Task goal:
Exactly the lines from the one that holds "and x1 y1 x2" to the end of the data below: retype these and nothing else.

Task data:
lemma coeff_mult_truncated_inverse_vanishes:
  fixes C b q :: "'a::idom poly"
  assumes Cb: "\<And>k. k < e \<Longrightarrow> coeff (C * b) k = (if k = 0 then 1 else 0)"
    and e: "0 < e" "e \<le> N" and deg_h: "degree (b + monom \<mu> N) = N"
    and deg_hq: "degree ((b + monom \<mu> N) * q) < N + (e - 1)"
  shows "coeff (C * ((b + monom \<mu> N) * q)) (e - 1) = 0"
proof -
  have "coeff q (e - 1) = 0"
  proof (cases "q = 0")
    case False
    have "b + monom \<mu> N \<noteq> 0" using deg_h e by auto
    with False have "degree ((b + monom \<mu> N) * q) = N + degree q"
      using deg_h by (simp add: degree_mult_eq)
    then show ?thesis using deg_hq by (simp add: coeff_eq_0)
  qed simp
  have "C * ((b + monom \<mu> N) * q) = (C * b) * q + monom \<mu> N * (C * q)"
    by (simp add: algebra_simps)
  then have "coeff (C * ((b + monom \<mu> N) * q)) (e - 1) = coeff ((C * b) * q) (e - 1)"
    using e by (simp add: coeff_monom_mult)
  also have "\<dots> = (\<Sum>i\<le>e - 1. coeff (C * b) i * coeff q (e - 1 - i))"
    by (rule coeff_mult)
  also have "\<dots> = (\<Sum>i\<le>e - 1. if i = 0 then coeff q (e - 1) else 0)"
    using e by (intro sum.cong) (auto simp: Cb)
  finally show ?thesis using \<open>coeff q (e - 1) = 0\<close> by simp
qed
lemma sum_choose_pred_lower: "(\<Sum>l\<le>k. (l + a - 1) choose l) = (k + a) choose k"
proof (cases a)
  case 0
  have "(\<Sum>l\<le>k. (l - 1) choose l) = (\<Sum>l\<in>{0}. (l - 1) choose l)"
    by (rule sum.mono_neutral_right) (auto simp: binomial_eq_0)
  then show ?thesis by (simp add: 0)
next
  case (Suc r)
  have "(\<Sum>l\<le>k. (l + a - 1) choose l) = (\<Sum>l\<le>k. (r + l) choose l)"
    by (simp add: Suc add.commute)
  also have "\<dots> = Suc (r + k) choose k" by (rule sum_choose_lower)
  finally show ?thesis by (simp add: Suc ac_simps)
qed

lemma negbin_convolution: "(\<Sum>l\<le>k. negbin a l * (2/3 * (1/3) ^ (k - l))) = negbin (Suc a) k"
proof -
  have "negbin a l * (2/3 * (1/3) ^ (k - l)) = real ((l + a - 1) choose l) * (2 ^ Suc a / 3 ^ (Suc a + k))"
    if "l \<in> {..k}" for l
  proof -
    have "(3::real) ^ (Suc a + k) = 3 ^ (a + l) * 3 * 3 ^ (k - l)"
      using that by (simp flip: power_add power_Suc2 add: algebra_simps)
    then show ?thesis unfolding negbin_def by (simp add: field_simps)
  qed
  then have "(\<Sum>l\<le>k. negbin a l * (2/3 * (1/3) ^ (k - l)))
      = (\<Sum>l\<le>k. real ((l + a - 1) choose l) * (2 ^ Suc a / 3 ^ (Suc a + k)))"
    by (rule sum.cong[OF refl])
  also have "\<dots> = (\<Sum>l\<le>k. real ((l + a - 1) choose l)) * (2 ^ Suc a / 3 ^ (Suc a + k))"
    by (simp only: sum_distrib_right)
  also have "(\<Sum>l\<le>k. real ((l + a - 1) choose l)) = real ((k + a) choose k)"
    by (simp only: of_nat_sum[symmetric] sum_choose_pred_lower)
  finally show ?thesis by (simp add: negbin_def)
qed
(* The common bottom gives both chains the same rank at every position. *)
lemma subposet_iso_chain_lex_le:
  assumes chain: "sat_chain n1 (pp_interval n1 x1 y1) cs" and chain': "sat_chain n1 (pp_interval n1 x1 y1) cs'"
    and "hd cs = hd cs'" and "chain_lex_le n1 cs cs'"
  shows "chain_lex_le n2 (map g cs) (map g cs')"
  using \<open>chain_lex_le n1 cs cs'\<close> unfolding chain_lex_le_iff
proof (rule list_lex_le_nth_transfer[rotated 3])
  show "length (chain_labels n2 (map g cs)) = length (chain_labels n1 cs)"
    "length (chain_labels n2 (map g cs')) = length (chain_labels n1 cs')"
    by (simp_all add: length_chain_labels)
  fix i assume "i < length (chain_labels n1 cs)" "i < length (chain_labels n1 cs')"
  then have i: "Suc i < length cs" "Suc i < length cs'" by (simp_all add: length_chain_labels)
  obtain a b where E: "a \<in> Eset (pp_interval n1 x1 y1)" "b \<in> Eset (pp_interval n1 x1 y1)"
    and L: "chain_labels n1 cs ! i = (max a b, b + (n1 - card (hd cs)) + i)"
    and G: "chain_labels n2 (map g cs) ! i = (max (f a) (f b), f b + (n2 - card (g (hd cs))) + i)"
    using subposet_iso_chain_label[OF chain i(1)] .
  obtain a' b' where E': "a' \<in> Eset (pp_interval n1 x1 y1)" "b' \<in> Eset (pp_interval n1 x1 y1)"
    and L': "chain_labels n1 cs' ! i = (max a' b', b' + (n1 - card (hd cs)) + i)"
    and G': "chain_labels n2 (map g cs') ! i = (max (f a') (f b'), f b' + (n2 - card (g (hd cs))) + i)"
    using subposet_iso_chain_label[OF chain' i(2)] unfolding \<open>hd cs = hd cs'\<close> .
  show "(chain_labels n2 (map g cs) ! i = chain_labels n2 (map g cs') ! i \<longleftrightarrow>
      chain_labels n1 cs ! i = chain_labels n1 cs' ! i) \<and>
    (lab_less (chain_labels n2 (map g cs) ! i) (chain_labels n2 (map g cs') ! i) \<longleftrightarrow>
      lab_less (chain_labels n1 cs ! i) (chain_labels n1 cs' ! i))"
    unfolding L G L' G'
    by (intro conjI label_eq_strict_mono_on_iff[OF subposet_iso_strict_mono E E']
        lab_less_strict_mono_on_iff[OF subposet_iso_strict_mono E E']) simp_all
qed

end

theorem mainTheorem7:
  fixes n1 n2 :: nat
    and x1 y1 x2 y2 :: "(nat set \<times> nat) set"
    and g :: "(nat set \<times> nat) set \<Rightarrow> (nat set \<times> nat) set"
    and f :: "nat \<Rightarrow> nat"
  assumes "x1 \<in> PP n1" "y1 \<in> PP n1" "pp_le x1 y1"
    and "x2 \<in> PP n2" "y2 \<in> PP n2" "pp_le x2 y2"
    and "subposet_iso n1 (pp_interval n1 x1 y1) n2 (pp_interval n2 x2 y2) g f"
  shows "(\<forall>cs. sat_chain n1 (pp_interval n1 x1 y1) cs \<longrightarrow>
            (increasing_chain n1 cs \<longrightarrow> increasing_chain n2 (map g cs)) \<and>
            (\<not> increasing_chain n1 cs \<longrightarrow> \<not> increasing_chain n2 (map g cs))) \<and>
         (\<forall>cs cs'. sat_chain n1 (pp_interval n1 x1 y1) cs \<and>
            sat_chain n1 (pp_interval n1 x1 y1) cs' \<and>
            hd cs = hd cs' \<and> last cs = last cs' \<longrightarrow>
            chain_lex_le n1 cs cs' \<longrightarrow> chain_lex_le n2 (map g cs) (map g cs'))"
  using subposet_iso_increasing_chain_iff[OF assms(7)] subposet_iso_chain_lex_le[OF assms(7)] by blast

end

Solution for this exercise:
    and x1 y1 x2 y2 :: "(nat set \<times> nat) set"
    and g :: "(nat set \<times> nat) set \<Rightarrow> (nat set \<times> nat) set"
    and f :: "nat \<Rightarrow> nat"
  assumes "x1 \<in> PP n1" "y1 \<in> PP n1" "pp_le x1 y1"
    and "x2 \<in> PP n2" "y2 \<in> PP n2" "pp_le x2 y2"
    and "subposet_iso n1 (pp_interval n1 x1 y1) n2 (pp_interval n2 x2 y2) g f"
  shows "(\<forall>cs. sat_chain n1 (pp_interval n1 x1 y1) cs \<longrightarrow>
            (increasing_chain n1 cs \<longrightarrow> increasing_chain n2 (map g cs)) \<and>
            (\<not> increasing_chain n1 cs \<longrightarrow> \<not> increasing_chain n2 (map g cs))) \<and>
         (\<forall>cs cs'. sat_chain n1 (pp_interval n1 x1 y1) cs \<and>
            sat_chain n1 (pp_interval n1 x1 y1) cs' \<and>
            hd cs = hd cs' \<and> last cs = last cs' \<longrightarrow>
            chain_lex_le n1 cs cs' \<longrightarrow> chain_lex_le n2 (map g cs) (map g cs'))"
  using subposet_iso_increasing_chain_iff[OF assms(7)] subposet_iso_chain_lex_le[OF assms(7)] by blast

end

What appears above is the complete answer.